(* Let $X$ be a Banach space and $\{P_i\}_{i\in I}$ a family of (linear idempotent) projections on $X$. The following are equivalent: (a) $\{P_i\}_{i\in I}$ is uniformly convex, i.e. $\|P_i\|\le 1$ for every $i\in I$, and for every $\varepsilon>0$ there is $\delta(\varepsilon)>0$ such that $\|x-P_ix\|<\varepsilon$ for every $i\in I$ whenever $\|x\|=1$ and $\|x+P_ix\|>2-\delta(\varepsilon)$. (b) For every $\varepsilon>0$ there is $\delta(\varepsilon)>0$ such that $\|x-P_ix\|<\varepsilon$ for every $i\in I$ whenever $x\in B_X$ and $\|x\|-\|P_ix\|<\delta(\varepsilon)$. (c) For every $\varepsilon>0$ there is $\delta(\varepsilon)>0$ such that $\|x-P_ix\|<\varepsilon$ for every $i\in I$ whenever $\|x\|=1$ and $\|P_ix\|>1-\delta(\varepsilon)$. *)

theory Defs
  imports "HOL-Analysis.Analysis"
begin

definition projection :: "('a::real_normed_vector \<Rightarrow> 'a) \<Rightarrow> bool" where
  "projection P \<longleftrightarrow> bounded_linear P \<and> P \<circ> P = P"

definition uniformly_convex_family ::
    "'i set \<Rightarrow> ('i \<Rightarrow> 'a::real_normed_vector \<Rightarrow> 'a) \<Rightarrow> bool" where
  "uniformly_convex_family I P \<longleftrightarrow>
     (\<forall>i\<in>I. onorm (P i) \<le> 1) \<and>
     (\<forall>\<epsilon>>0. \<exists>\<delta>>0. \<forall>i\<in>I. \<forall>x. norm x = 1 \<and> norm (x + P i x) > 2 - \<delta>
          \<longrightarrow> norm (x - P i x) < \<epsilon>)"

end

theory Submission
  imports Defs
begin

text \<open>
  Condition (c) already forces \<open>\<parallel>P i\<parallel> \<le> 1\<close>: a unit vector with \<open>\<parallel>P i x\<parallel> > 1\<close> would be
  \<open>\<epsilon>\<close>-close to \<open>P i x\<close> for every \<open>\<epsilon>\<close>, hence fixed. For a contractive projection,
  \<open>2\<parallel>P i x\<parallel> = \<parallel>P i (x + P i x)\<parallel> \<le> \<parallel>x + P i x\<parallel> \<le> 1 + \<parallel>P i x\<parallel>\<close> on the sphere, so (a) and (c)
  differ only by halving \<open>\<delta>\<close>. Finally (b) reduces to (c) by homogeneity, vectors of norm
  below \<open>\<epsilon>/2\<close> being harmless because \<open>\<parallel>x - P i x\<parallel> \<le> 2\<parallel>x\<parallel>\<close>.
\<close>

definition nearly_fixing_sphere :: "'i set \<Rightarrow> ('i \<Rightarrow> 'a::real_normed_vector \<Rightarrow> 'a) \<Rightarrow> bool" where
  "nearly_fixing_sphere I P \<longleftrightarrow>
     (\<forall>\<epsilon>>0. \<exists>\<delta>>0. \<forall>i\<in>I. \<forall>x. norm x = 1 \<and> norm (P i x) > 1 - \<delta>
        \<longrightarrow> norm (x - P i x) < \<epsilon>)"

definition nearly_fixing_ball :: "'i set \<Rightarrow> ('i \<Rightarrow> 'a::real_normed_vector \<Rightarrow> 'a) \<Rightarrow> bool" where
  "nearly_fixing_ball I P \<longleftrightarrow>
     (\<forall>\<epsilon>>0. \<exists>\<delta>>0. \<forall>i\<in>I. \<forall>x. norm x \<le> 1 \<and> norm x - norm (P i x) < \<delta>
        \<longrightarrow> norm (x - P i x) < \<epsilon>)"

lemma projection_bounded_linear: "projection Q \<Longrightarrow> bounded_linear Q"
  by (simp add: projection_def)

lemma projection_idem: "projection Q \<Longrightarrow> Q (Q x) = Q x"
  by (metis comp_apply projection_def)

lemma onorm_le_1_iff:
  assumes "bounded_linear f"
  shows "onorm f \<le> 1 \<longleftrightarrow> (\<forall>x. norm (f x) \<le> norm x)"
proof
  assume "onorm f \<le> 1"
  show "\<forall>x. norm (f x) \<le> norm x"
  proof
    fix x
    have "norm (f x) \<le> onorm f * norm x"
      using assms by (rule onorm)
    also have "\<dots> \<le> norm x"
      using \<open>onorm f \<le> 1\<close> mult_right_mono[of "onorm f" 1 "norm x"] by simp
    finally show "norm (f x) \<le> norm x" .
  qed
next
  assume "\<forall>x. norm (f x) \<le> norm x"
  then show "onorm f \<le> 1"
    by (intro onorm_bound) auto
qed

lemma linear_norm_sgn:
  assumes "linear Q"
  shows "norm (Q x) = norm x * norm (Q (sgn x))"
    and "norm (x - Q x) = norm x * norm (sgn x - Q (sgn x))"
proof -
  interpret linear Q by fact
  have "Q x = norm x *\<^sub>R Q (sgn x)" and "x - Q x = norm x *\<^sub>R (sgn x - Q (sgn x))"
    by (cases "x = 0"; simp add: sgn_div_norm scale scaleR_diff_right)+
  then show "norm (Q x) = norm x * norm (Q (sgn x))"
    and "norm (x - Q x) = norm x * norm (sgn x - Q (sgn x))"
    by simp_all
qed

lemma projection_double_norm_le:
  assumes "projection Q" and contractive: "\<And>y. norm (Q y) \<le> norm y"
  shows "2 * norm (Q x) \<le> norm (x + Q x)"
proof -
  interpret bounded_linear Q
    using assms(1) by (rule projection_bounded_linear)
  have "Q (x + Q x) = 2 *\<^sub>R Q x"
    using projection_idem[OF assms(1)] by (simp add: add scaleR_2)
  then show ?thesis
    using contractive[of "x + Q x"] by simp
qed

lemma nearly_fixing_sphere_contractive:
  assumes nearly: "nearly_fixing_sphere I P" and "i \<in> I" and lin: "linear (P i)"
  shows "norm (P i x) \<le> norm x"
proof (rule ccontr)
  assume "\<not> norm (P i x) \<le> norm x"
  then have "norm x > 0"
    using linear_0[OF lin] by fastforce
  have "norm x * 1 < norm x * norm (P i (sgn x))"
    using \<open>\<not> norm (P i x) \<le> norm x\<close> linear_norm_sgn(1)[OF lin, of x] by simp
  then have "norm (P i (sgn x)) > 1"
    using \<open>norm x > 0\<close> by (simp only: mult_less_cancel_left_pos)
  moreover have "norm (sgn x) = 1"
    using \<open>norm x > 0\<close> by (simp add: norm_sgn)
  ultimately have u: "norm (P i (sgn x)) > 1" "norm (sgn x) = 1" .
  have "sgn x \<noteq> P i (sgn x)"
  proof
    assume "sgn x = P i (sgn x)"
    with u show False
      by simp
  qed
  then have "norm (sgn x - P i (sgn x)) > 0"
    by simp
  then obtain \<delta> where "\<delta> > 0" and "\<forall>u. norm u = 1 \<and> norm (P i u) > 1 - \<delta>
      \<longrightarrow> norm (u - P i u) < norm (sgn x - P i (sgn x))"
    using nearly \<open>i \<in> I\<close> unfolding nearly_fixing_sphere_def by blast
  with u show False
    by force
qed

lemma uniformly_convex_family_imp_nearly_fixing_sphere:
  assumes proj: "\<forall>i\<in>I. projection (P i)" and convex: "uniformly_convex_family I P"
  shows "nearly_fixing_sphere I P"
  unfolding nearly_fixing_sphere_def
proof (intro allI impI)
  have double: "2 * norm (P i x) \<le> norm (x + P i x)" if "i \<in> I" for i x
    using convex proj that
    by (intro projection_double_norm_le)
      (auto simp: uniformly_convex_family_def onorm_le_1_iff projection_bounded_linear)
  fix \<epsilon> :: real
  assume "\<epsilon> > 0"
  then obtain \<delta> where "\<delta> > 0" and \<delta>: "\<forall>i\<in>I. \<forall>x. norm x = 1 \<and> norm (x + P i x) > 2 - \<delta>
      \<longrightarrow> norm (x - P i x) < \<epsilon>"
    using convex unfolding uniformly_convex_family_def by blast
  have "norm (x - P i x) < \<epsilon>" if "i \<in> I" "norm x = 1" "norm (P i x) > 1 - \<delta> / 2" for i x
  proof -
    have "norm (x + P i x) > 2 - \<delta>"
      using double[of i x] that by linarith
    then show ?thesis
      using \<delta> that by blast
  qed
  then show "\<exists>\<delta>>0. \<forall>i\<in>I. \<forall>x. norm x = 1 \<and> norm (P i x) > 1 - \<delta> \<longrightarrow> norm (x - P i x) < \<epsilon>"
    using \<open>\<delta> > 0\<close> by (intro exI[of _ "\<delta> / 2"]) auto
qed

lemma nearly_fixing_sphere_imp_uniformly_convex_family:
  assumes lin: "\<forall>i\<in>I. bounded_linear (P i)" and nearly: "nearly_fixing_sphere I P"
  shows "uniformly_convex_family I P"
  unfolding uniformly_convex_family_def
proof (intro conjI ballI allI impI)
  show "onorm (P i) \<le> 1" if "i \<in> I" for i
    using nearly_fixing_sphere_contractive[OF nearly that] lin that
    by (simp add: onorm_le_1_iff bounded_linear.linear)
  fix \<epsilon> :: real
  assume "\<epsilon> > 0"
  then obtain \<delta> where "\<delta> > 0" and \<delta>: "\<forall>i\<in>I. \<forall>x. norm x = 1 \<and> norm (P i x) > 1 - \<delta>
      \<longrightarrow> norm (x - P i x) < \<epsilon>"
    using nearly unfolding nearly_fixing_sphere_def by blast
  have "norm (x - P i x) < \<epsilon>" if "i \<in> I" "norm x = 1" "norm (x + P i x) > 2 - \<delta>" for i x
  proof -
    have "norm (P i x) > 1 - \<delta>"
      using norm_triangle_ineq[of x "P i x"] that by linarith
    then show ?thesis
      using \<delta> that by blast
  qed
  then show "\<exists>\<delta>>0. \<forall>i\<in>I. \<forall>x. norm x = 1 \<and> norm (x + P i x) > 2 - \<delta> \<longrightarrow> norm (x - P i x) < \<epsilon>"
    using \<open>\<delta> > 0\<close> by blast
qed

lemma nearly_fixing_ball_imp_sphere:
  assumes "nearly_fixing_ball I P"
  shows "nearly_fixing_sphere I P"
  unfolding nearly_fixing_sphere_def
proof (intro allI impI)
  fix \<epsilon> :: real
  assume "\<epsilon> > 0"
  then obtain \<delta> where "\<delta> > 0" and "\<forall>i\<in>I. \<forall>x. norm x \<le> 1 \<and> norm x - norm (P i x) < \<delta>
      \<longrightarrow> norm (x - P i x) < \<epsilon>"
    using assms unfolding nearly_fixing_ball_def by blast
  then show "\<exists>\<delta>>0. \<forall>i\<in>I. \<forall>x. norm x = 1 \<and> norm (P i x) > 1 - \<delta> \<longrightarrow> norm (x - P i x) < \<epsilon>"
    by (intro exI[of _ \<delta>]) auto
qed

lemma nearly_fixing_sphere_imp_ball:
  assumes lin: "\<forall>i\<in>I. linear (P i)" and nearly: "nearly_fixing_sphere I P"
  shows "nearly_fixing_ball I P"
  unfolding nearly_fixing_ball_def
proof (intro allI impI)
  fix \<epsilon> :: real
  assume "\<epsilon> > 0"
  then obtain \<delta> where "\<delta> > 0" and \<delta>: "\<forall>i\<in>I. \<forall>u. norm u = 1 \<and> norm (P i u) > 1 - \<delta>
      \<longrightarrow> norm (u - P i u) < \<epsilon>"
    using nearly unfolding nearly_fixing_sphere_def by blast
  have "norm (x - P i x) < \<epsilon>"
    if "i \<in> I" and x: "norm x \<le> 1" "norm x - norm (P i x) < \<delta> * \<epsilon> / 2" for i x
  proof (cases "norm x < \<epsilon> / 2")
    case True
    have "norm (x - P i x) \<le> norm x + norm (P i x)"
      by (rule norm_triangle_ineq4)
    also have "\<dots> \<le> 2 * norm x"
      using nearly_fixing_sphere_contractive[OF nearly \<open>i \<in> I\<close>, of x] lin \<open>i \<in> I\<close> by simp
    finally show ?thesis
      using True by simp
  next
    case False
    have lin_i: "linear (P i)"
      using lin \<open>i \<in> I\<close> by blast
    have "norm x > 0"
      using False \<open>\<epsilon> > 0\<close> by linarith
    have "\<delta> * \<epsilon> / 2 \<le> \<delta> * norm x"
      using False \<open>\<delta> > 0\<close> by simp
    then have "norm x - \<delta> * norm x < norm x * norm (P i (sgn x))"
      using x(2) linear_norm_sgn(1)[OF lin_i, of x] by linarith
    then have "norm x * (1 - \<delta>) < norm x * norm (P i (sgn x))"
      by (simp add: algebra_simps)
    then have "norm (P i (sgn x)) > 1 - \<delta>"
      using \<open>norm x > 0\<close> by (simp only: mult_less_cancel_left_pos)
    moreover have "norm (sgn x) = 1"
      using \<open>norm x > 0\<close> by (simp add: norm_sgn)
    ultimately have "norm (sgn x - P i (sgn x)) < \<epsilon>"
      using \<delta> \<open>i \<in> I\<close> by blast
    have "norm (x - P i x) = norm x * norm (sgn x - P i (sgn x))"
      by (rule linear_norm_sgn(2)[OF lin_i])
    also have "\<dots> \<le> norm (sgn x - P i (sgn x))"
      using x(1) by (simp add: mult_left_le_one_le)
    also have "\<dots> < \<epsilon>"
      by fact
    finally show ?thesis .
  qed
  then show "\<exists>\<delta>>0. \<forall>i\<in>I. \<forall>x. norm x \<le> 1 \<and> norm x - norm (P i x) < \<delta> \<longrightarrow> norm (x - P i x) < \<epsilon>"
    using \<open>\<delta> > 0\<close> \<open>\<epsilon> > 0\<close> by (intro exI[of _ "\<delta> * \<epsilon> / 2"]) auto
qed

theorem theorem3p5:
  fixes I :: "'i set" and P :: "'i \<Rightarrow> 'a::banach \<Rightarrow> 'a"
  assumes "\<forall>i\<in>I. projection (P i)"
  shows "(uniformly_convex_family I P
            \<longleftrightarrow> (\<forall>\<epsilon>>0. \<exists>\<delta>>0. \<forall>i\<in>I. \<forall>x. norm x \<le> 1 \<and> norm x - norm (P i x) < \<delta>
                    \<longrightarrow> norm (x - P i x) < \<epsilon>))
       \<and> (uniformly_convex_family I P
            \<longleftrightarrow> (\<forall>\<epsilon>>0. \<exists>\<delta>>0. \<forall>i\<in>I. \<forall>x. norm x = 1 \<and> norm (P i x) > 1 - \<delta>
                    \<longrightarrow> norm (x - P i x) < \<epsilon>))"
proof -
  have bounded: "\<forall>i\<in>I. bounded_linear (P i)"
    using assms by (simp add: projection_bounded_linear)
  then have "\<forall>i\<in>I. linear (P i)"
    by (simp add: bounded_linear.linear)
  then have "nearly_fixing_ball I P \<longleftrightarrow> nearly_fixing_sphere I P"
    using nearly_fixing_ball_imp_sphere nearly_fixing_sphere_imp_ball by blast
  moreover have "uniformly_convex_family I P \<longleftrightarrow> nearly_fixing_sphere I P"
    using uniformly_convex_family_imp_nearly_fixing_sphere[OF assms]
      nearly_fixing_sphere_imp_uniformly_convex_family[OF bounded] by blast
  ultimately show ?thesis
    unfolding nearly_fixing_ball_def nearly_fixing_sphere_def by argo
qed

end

◆ ◆ ◆ ◆ ◆

From the data above, pick out each line containing "shows" and copy it.

  shows "onorm f \<le> 1 \<longleftrightarrow> (\<forall>x. norm (f x) \<le> norm x)"
  shows "norm (Q x) = norm x * norm (Q (sgn x))"
  shows "2 * norm (Q x) \<le> norm (x + Q x)"
  shows "norm (P i x) \<le> norm x"
  shows "nearly_fixing_sphere I P"
  shows "uniformly_convex_family I P"
  shows "nearly_fixing_sphere I P"
  shows "nearly_fixing_ball I P"
  shows "(uniformly_convex_family I P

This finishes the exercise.